# A few pic's of our rottie



## Broxi_jim (Mar 30, 2009)

A few pic's over the year of our rottie zara..

She was in brilliant health in these pic's..

But sadly she has since got vitilgo. And she looks alot older than she really is. She will be 4yrs old on the 11th Nov. 

Last pic' is her with our youngest son, just after he got home from school !! She won't let him go too far in front of us, and stays by his side whilst we're out walking !!


----------



## FREE SPIRIT (Jul 8, 2009)

Gorgeous dog...lovely pics.


----------



## big_bear (Oct 5, 2009)

Broxi_jim said:


> A few pic's over the year of our rottie zara..
> 
> She was in brilliant health in these pic's..
> 
> ...


i love the one with your son shes a beautiful looking girl. what is vitilgo??


----------



## simplysardonic (Sep 1, 2009)

beautiful dog, isn't vitiligo a skin disorder? Poor girl, sorry to hear about her ill health


----------



## Broxi_jim (Mar 30, 2009)

Thanks folks,

Yes vitigo is a skin disorder that breaks down the black pigment on the skin / hair etc etc

The vets have been brilliant, and said its only cosmetic, and that zara is in brilliant health other-wise. She might look older than she is but other than that she's fine.

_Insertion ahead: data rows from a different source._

(* Let $\mathcal V$ be a finite-dimensional complex vector space and $\psi:\mathbb C\to\mathrm{End}(\mathcal V)$ a rational function, regular at $0$ and $\infty$, with $\psi(0)=1$ and $[\psi(w),\psi(w')]=0$ for all $w,w'$. Let $\sigma(\psi)\subset\mathbb C^\times$ be the set of poles of $\psi(w)^{\pm1}$ and $\mathsf Y(\psi)=\bigcup_{\alpha\in\sigma(\psi)}[\alpha,\infty)$, where $[\alpha,\infty)=\{t\alpha:t\in\mathbb R_{\ge1}\}$. Then there is a unique single-valued holomorphic function $H:\mathbb C\setminus\mathsf Y(\psi)\to\mathrm{End}(\mathcal V)$ with $\exp(H(w))=\psi(w)$ and $H(0)=0$. Moreover $[H(w),H(w')]=0$ for all $w,w'$, and $H'(w)=\psi(w)^{-1}\psi'(w)$. *)

theory Defs
  imports "HOL-Complex_Analysis.Complex_Analysis"
begin

text \<open>End(V) for a finite-dimensional complex vector space V is modelled by square
  complex matrices indexed by a finite type 'n (dim V = CARD('n)), with matrix product.\<close>

definition mat_pow :: "complex^'n^'n \<Rightarrow> nat \<Rightarrow> complex^'n^'n" where
  "mat_pow A k = (((**) A) ^^ k) (mat 1)"

definition mat_exp :: "complex^'n^'n \<Rightarrow> complex^'n^'n" where
  "mat_exp A = (\<Sum>k. (inverse (fact k) :: real) *\<^sub>R mat_pow A k)"

definition rational_mat_fun :: "(complex \<Rightarrow> complex^'n^'n) \<Rightarrow> bool" where
  "rational_mat_fun \<psi> \<longleftrightarrow> (\<exists>(P :: complex poly^'n^'n) q. q \<noteq> 0 \<and>
     (\<forall>w. poly q w \<noteq> 0 \<longrightarrow> \<psi> w = (\<chi> i j. poly (P $ i $ j) w / poly q w)))"

definition mat_pole :: "(complex \<Rightarrow> complex^'n^'n) \<Rightarrow> complex \<Rightarrow> bool" where
  "mat_pole f z \<longleftrightarrow> (\<exists>i j. is_pole (\<lambda>w. f w $ i $ j) z)"

definition pole_set :: "(complex \<Rightarrow> complex^'n^'n) \<Rightarrow> complex set" where
  "pole_set \<psi> = {z. z \<noteq> 0 \<and> (mat_pole \<psi> z \<or> mat_pole (\<lambda>w. matrix_inv (\<psi> w)) z)}"

definition ray :: "complex \<Rightarrow> complex set" where
  "ray \<alpha> = {complex_of_real t * \<alpha> | t. t \<ge> 1}"

definition Yset :: "(complex \<Rightarrow> complex^'n^'n) \<Rightarrow> complex set" where
  "Yset \<psi> = (\<Union>\<alpha>\<in>pole_set \<psi>. ray \<alpha>)"

definition mat_deriv :: "(complex \<Rightarrow> complex^'n^'n) \<Rightarrow> complex \<Rightarrow> complex^'n^'n" where
  "mat_deriv f w = (\<chi> i j. deriv (\<lambda>z. f z $ i $ j) w)"

definition mat_holomorphic_on :: "(complex \<Rightarrow> complex^'n^'n) \<Rightarrow> complex set \<Rightarrow> bool" where
  "mat_holomorphic_on f S \<longleftrightarrow> (\<forall>i j. (\<lambda>z. f z $ i $ j) holomorphic_on S)"

definition log_branch :: "(complex \<Rightarrow> complex^'n^'n) \<Rightarrow> (complex \<Rightarrow> complex^'n^'n) \<Rightarrow> bool" where
  "log_branch \<psi> H \<longleftrightarrow> mat_holomorphic_on H (- Yset \<psi>) \<and>
     (\<forall>w \<in> - Yset \<psi>. mat_exp (H w) = \<psi> w) \<and> H 0 = 0"

end

theory Submission
  imports Defs
begin

text \<open>Since the values of \<open>\<psi>\<close> commute, so do their inverses and derivatives, hence
  the logarithmic derivative \<open>F = \<psi>\<^sup>-\<^sup>1 \<psi>'\<close> has pairwise commuting values. The domain
  \<open>\<Omega> = \<complex> - Y(\<psi>)\<close> is the complement of finitely many rays pointing away from 0, hence
  star-shaped about 0, so \<open>F\<close> has a primitive \<open>H\<close> on \<open>\<Omega>\<close> with \<open>H(0) = 0\<close>. Its values commute with
  those of \<open>F\<close> and with each other, because the commutators have zero derivative and vanish at 0.
  Consequently \<open>(exp (-H) \<psi>)' = exp (-H) (\<psi>' - F \<psi>) = 0\<close>, so \<open>exp H = \<psi>\<close>.
  Another logarithm \<open>H'\<close> with \<open>H'(0) = 0\<close> is small near 0, where the exponential is injective
  (a small \<open>X\<close> commuting with \<open>exp Y\<close> commutes with \<open>Y\<close>), so \<open>H' = H\<close> near 0 and hence on all
  of \<open>\<Omega>\<close> by analytic continuation.\<close>

lemma norm_axis_1_algebra [simp]: "norm (axis j (1::'a::real_normed_algebra_1)) = 1"
proof -
  have "(\<Sum>i\<in>UNIV. (norm (axis j (1::'a) $ i))\<^sup>2) = (\<Sum>i\<in>UNIV. if i = j then 1 else 0)"
    by (rule sum.cong) (auto simp: axis_def)
  then show ?thesis by (simp add: norm_vec_def L2_set_def)
qed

And the vet said that its not common in rotties.

Akitas mostly some collies and some dobermans get this.


----------



## Ducky (Nov 23, 2008)

great pics, i adore rotties!

what park is that in ur first pic? is that an enclosed area? just asking since we are both southsiders!!


----------



## Broxi_jim (Mar 30, 2009)

The park is Govanhill park !!!

Its astro football pitches...That the dogs like to play on witha ball now and then. 

And the smaller one at the back of it only has one entrance / exit so handy to get the pup back on recalls


----------



## xpalaboyx (Jun 17, 2008)

She's so beautiful, thank God nothing more serious about her health.


----------



## canuckjill (Jun 25, 2008)

wonderful pictures love the one with your son...Jill


----------



## Jo P (Dec 10, 2007)

Lovely piccies 

My friend had a beautiful Rottie girl with vitiligo - she lived to a good age and had a happy, happy life so nothing much to worry about


----------



## Sypher (Sep 29, 2008)

What a beauty. Love that smile in the second pic.


----------



## Broxi_jim (Mar 30, 2009)

Thanks everyone.

Just found the old album with pic's of her when she was 14weeks old. Maybe upload them later 

Doesn't seem that long ago she was that small bundle of fun. Now she'll be 4 on the 14th Nov !! 

She still thinks she's the size of a westie. And tries to sit with you on a chair !!! .lolol ut:


----------



## plumo72 (Nov 2, 2007)

She's lovely  x


----------



## Captain.Charisma (May 24, 2009)

Shes lovelyyyy. i love the pic with your son


----------